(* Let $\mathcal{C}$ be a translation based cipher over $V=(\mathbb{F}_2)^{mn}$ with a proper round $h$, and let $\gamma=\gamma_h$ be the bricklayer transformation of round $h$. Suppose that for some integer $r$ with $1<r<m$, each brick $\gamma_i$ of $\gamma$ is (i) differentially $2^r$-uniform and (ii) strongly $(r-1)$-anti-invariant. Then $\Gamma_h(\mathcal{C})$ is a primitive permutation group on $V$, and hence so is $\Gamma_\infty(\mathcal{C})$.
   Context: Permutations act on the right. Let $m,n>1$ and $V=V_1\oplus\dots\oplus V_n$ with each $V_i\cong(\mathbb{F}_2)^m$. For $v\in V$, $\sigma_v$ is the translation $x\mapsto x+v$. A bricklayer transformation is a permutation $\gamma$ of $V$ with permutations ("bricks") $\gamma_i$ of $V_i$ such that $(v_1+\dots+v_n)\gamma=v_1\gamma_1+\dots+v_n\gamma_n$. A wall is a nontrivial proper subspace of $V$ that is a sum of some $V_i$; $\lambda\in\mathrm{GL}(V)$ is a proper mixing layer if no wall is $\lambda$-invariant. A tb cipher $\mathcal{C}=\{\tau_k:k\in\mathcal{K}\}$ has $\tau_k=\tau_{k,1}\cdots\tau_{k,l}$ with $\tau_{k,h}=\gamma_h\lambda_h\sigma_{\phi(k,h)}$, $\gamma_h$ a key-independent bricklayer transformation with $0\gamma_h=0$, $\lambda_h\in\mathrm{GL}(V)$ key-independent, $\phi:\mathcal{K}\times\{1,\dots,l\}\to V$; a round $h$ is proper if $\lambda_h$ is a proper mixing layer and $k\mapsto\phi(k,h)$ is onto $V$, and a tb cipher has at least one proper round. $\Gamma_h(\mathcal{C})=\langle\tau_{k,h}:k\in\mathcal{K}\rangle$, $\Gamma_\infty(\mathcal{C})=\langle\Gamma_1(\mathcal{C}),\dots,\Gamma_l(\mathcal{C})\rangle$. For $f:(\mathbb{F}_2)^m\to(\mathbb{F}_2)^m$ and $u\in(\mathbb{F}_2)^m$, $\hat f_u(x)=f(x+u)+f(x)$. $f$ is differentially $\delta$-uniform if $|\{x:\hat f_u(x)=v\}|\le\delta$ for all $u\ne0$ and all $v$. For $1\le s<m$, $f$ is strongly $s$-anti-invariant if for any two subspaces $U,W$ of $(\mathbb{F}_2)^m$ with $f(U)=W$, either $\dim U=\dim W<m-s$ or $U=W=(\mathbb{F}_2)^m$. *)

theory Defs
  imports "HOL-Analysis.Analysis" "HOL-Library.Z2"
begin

* * *

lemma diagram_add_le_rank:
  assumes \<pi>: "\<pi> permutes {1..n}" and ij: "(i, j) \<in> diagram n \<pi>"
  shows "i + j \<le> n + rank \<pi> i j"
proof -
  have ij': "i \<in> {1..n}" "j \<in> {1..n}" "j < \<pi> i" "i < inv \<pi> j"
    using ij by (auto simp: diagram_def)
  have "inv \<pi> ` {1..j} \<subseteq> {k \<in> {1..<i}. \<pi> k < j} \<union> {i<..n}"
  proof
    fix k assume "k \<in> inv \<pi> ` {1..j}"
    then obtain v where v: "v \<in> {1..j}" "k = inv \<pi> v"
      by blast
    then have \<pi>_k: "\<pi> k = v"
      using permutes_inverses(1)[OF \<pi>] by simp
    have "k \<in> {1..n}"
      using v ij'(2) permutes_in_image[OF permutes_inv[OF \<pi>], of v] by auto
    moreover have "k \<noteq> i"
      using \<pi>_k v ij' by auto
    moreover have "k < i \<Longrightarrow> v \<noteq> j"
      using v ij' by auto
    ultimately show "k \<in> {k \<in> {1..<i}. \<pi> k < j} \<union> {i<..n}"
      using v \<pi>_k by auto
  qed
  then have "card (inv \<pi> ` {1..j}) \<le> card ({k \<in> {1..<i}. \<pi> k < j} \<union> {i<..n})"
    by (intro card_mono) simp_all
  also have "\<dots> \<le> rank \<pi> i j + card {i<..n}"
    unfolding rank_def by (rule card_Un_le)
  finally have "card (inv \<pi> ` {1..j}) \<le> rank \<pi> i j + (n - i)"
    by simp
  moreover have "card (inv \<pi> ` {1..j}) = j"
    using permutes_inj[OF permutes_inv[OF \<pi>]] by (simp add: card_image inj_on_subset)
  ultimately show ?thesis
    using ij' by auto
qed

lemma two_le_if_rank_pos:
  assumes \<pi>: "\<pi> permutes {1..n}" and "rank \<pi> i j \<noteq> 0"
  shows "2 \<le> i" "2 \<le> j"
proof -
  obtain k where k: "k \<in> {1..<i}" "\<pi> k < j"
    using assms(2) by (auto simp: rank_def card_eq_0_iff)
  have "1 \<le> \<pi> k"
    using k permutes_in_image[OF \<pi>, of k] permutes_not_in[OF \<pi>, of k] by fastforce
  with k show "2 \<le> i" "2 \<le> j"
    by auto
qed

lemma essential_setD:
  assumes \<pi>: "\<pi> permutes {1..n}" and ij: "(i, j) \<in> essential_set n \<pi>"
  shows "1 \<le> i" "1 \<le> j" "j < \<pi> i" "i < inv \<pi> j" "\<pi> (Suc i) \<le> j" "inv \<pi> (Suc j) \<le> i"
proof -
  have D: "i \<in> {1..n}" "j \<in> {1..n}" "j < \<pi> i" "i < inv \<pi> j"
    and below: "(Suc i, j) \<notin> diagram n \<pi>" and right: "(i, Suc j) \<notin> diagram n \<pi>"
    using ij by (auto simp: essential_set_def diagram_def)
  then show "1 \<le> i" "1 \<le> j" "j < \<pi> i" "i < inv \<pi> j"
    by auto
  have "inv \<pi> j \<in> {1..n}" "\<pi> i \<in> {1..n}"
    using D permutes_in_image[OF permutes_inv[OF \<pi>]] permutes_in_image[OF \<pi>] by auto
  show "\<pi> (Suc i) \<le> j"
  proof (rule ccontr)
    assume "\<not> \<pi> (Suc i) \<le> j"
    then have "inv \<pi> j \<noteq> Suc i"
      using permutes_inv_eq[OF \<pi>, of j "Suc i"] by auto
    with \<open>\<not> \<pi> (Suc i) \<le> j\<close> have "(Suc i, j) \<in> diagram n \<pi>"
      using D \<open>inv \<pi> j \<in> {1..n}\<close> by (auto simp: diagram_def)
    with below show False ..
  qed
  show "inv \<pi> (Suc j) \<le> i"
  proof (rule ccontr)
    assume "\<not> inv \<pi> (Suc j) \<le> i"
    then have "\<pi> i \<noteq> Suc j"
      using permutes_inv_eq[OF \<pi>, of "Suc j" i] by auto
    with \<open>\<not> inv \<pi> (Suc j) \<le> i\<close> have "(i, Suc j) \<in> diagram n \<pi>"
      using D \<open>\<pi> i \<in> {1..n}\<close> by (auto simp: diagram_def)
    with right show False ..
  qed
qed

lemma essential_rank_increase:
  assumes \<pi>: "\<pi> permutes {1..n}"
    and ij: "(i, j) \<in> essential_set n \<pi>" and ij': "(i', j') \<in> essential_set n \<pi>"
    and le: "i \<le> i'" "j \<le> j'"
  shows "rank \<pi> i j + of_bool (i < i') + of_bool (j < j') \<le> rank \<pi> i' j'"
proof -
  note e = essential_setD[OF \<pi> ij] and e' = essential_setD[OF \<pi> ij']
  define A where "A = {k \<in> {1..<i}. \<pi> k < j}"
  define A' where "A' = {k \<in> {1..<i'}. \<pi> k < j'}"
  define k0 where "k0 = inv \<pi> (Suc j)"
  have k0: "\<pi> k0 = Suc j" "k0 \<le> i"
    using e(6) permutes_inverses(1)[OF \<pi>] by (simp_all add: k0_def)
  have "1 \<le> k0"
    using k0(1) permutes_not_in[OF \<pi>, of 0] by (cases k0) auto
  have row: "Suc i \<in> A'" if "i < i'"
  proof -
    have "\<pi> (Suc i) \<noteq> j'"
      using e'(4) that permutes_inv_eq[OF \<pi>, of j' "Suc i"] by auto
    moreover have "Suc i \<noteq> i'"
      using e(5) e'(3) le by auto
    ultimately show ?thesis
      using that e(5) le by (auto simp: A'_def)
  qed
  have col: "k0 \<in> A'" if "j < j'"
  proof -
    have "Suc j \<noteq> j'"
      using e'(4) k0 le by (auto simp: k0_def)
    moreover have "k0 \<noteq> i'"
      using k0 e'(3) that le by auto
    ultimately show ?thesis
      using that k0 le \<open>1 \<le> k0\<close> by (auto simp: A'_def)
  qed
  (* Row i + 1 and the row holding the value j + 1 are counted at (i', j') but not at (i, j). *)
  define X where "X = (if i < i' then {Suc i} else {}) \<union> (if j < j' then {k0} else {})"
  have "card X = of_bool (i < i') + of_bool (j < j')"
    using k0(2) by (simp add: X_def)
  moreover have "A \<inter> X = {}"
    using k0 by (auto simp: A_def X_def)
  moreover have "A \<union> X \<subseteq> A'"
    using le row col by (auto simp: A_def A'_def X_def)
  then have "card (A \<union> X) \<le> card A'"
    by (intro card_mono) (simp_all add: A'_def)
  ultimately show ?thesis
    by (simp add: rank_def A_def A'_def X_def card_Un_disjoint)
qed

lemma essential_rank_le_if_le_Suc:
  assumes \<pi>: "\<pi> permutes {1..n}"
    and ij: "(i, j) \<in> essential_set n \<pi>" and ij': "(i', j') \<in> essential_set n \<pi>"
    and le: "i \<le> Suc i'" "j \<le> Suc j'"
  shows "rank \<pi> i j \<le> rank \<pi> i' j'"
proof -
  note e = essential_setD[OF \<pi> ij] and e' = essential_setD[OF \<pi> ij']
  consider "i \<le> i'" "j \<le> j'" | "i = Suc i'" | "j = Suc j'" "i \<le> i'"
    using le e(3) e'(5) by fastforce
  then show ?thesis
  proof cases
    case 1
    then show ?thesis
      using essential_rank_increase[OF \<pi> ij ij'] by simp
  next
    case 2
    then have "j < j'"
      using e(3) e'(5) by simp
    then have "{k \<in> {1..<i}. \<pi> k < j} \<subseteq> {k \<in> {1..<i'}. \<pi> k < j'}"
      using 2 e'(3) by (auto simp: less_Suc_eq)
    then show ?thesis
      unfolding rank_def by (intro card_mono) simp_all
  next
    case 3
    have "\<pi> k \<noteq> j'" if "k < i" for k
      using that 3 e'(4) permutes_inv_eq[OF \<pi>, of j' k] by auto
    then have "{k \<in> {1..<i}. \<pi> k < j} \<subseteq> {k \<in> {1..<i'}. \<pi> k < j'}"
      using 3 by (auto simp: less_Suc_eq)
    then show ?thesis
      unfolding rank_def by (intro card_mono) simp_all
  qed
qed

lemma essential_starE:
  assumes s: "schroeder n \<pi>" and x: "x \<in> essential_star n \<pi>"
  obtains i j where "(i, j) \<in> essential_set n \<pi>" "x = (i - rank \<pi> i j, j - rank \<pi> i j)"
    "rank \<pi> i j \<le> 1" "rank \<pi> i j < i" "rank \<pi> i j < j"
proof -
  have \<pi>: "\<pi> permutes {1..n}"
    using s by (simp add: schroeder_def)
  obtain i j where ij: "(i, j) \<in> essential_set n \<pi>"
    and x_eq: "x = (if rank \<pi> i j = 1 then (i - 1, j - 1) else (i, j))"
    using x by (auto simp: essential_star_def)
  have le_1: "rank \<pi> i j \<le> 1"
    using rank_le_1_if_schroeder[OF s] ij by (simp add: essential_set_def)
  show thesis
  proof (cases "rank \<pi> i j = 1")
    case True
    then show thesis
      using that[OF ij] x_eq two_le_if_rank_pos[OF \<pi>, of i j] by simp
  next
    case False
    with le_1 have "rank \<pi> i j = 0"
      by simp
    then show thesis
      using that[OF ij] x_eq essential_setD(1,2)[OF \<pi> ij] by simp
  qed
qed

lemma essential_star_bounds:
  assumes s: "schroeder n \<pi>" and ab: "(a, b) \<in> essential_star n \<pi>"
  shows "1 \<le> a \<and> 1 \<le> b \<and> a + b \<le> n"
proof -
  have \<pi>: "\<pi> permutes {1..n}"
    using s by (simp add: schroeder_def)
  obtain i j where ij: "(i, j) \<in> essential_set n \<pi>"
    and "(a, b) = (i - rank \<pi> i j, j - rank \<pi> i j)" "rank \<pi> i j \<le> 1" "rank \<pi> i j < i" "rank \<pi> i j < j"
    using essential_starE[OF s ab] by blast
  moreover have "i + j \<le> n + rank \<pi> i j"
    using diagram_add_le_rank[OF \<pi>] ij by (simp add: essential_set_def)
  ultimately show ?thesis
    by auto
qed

GOAL OF THE EXERCISE ▸
The result is a copy of every line above where the word "else" shows up.

ANSWER SPACE ▸
  define X where "X = (if i < i' then {Suc i} else {}) \<union> (if j < j' then {k0} else {})"
    and x_eq: "x = (if rank \<pi> i j = 1 then (i - 1, j - 1) else (i, j))"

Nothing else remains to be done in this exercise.